= Work order =
Produce the listing below again, exactly as shown.

= Dataset extract =
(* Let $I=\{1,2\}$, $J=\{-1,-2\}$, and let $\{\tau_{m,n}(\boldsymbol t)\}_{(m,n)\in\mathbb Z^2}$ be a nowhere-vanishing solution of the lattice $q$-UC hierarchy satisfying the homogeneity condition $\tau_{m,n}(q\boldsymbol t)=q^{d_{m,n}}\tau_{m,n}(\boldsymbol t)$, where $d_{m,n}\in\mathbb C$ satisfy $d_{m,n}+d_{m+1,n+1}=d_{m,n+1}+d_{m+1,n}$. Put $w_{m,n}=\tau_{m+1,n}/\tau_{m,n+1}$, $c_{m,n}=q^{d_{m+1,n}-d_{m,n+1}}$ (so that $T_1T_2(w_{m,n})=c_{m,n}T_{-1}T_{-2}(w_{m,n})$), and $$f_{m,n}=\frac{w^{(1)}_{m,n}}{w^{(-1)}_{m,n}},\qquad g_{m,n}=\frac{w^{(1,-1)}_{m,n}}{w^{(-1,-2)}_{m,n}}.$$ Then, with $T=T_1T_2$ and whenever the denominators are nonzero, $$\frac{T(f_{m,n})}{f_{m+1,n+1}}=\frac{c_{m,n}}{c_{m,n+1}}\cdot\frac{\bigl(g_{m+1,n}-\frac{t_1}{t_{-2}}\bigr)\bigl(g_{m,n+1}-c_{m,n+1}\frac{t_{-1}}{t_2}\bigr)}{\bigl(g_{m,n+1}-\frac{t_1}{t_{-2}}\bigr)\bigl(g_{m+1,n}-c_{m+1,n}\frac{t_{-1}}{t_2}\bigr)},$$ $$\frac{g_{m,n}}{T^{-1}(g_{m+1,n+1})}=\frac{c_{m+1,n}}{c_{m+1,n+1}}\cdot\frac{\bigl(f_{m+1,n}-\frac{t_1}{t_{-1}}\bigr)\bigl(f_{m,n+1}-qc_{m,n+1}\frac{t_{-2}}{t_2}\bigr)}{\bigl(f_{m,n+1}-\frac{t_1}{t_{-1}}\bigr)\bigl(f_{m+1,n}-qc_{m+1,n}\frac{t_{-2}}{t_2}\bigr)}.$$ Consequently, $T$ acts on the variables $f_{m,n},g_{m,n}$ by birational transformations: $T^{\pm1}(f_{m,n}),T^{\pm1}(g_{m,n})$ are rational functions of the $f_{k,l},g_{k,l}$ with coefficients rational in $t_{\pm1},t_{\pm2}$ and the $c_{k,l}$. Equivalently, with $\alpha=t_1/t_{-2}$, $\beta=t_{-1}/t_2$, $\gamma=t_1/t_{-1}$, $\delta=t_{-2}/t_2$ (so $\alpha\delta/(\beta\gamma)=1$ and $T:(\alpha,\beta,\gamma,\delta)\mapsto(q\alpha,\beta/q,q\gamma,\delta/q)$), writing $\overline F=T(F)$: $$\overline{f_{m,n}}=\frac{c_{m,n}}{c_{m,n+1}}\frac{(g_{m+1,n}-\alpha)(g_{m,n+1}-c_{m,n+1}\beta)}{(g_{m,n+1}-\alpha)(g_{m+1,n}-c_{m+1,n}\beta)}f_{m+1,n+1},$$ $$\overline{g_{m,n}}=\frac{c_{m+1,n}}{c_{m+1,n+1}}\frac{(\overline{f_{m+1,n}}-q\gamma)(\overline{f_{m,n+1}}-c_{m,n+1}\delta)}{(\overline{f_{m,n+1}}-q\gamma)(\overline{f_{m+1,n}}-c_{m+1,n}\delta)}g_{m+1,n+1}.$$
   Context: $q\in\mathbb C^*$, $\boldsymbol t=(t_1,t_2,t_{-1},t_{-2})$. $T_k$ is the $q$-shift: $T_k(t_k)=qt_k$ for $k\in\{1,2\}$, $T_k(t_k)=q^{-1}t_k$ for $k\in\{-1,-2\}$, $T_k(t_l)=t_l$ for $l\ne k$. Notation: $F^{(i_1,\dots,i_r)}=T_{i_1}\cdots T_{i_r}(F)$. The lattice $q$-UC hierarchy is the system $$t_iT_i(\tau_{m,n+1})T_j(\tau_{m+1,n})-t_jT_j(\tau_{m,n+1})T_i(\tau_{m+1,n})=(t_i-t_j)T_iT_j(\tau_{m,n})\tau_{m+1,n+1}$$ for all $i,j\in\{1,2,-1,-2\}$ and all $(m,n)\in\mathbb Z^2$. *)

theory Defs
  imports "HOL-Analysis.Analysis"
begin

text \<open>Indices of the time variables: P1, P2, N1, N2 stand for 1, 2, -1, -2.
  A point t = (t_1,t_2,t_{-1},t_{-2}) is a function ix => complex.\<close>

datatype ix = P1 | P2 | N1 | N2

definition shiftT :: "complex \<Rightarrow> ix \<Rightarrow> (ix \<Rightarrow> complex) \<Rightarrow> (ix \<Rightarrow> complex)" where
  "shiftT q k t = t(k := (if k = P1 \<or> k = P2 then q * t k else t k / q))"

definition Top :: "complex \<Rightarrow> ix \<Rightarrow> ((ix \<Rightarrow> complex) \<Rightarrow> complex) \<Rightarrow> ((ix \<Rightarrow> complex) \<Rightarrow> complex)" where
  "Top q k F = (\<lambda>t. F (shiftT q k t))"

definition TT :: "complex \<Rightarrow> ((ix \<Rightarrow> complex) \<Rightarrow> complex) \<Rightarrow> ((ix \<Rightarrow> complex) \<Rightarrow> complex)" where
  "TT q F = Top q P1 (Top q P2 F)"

= Result for this exercise =
(* Let $I=\{1,2\}$, $J=\{-1,-2\}$, and let $\{\tau_{m,n}(\boldsymbol t)\}_{(m,n)\in\mathbb Z^2}$ be a nowhere-vanishing solution of the lattice $q$-UC hierarchy satisfying the homogeneity condition $\tau_{m,n}(q\boldsymbol t)=q^{d_{m,n}}\tau_{m,n}(\boldsymbol t)$, where $d_{m,n}\in\mathbb C$ satisfy $d_{m,n}+d_{m+1,n+1}=d_{m,n+1}+d_{m+1,n}$. Put $w_{m,n}=\tau_{m+1,n}/\tau_{m,n+1}$, $c_{m,n}=q^{d_{m+1,n}-d_{m,n+1}}$ (so that $T_1T_2(w_{m,n})=c_{m,n}T_{-1}T_{-2}(w_{m,n})$), and $$f_{m,n}=\frac{w^{(1)}_{m,n}}{w^{(-1)}_{m,n}},\qquad g_{m,n}=\frac{w^{(1,-1)}_{m,n}}{w^{(-1,-2)}_{m,n}}.$$ Then, with $T=T_1T_2$ and whenever the denominators are nonzero, $$\frac{T(f_{m,n})}{f_{m+1,n+1}}=\frac{c_{m,n}}{c_{m,n+1}}\cdot\frac{\bigl(g_{m+1,n}-\frac{t_1}{t_{-2}}\bigr)\bigl(g_{m,n+1}-c_{m,n+1}\frac{t_{-1}}{t_2}\bigr)}{\bigl(g_{m,n+1}-\frac{t_1}{t_{-2}}\bigr)\bigl(g_{m+1,n}-c_{m+1,n}\frac{t_{-1}}{t_2}\bigr)},$$ $$\frac{g_{m,n}}{T^{-1}(g_{m+1,n+1})}=\frac{c_{m+1,n}}{c_{m+1,n+1}}\cdot\frac{\bigl(f_{m+1,n}-\frac{t_1}{t_{-1}}\bigr)\bigl(f_{m,n+1}-qc_{m,n+1}\frac{t_{-2}}{t_2}\bigr)}{\bigl(f_{m,n+1}-\frac{t_1}{t_{-1}}\bigr)\bigl(f_{m+1,n}-qc_{m+1,n}\frac{t_{-2}}{t_2}\bigr)}.$$ Consequently, $T$ acts on the variables $f_{m,n},g_{m,n}$ by birational transformations: $T^{\pm1}(f_{m,n}),T^{\pm1}(g_{m,n})$ are rational functions of the $f_{k,l},g_{k,l}$ with coefficients rational in $t_{\pm1},t_{\pm2}$ and the $c_{k,l}$. Equivalently, with $\alpha=t_1/t_{-2}$, $\beta=t_{-1}/t_2$, $\gamma=t_1/t_{-1}$, $\delta=t_{-2}/t_2$ (so $\alpha\delta/(\beta\gamma)=1$ and $T:(\alpha,\beta,\gamma,\delta)\mapsto(q\alpha,\beta/q,q\gamma,\delta/q)$), writing $\overline F=T(F)$: $$\overline{f_{m,n}}=\frac{c_{m,n}}{c_{m,n+1}}\frac{(g_{m+1,n}-\alpha)(g_{m,n+1}-c_{m,n+1}\beta)}{(g_{m,n+1}-\alpha)(g_{m+1,n}-c_{m+1,n}\beta)}f_{m+1,n+1},$$ $$\overline{g_{m,n}}=\frac{c_{m+1,n}}{c_{m+1,n+1}}\frac{(\overline{f_{m+1,n}}-q\gamma)(\overline{f_{m,n+1}}-c_{m,n+1}\delta)}{(\overline{f_{m,n+1}}-q\gamma)(\overline{f_{m+1,n}}-c_{m+1,n}\delta)}g_{m+1,n+1}.$$
   Context: $q\in\mathbb C^*$, $\boldsymbol t=(t_1,t_2,t_{-1},t_{-2})$. $T_k$ is the $q$-shift: $T_k(t_k)=qt_k$ for $k\in\{1,2\}$, $T_k(t_k)=q^{-1}t_k$ for $k\in\{-1,-2\}$, $T_k(t_l)=t_l$ for $l\ne k$. Notation: $F^{(i_1,\dots,i_r)}=T_{i_1}\cdots T_{i_r}(F)$. The lattice $q$-UC hierarchy is the system $$t_iT_i(\tau_{m,n+1})T_j(\tau_{m+1,n})-t_jT_j(\tau_{m,n+1})T_i(\tau_{m+1,n})=(t_i-t_j)T_iT_j(\tau_{m,n})\tau_{m+1,n+1}$$ for all $i,j\in\{1,2,-1,-2\}$ and all $(m,n)\in\mathbb Z^2$. *)

theory Defs
  imports "HOL-Analysis.Analysis"
begin

text \<open>Indices of the time variables: P1, P2, N1, N2 stand for 1, 2, -1, -2.
  A point t = (t_1,t_2,t_{-1},t_{-2}) is a function ix => complex.\<close>

datatype ix = P1 | P2 | N1 | N2

definition shiftT :: "complex \<Rightarrow> ix \<Rightarrow> (ix \<Rightarrow> complex) \<Rightarrow> (ix \<Rightarrow> complex)" where
  "shiftT q k t = t(k := (if k = P1 \<or> k = P2 then q * t k else t k / q))"

definition Top :: "complex \<Rightarrow> ix \<Rightarrow> ((ix \<Rightarrow> complex) \<Rightarrow> complex) \<Rightarrow> ((ix \<Rightarrow> complex) \<Rightarrow> complex)" where
  "Top q k F = (\<lambda>t. F (shiftT q k t))"

definition TT :: "complex \<Rightarrow> ((ix \<Rightarrow> complex) \<Rightarrow> complex) \<Rightarrow> ((ix \<Rightarrow> complex) \<Rightarrow> complex)" where
  "TT q F = Top q P1 (Top q P2 F)"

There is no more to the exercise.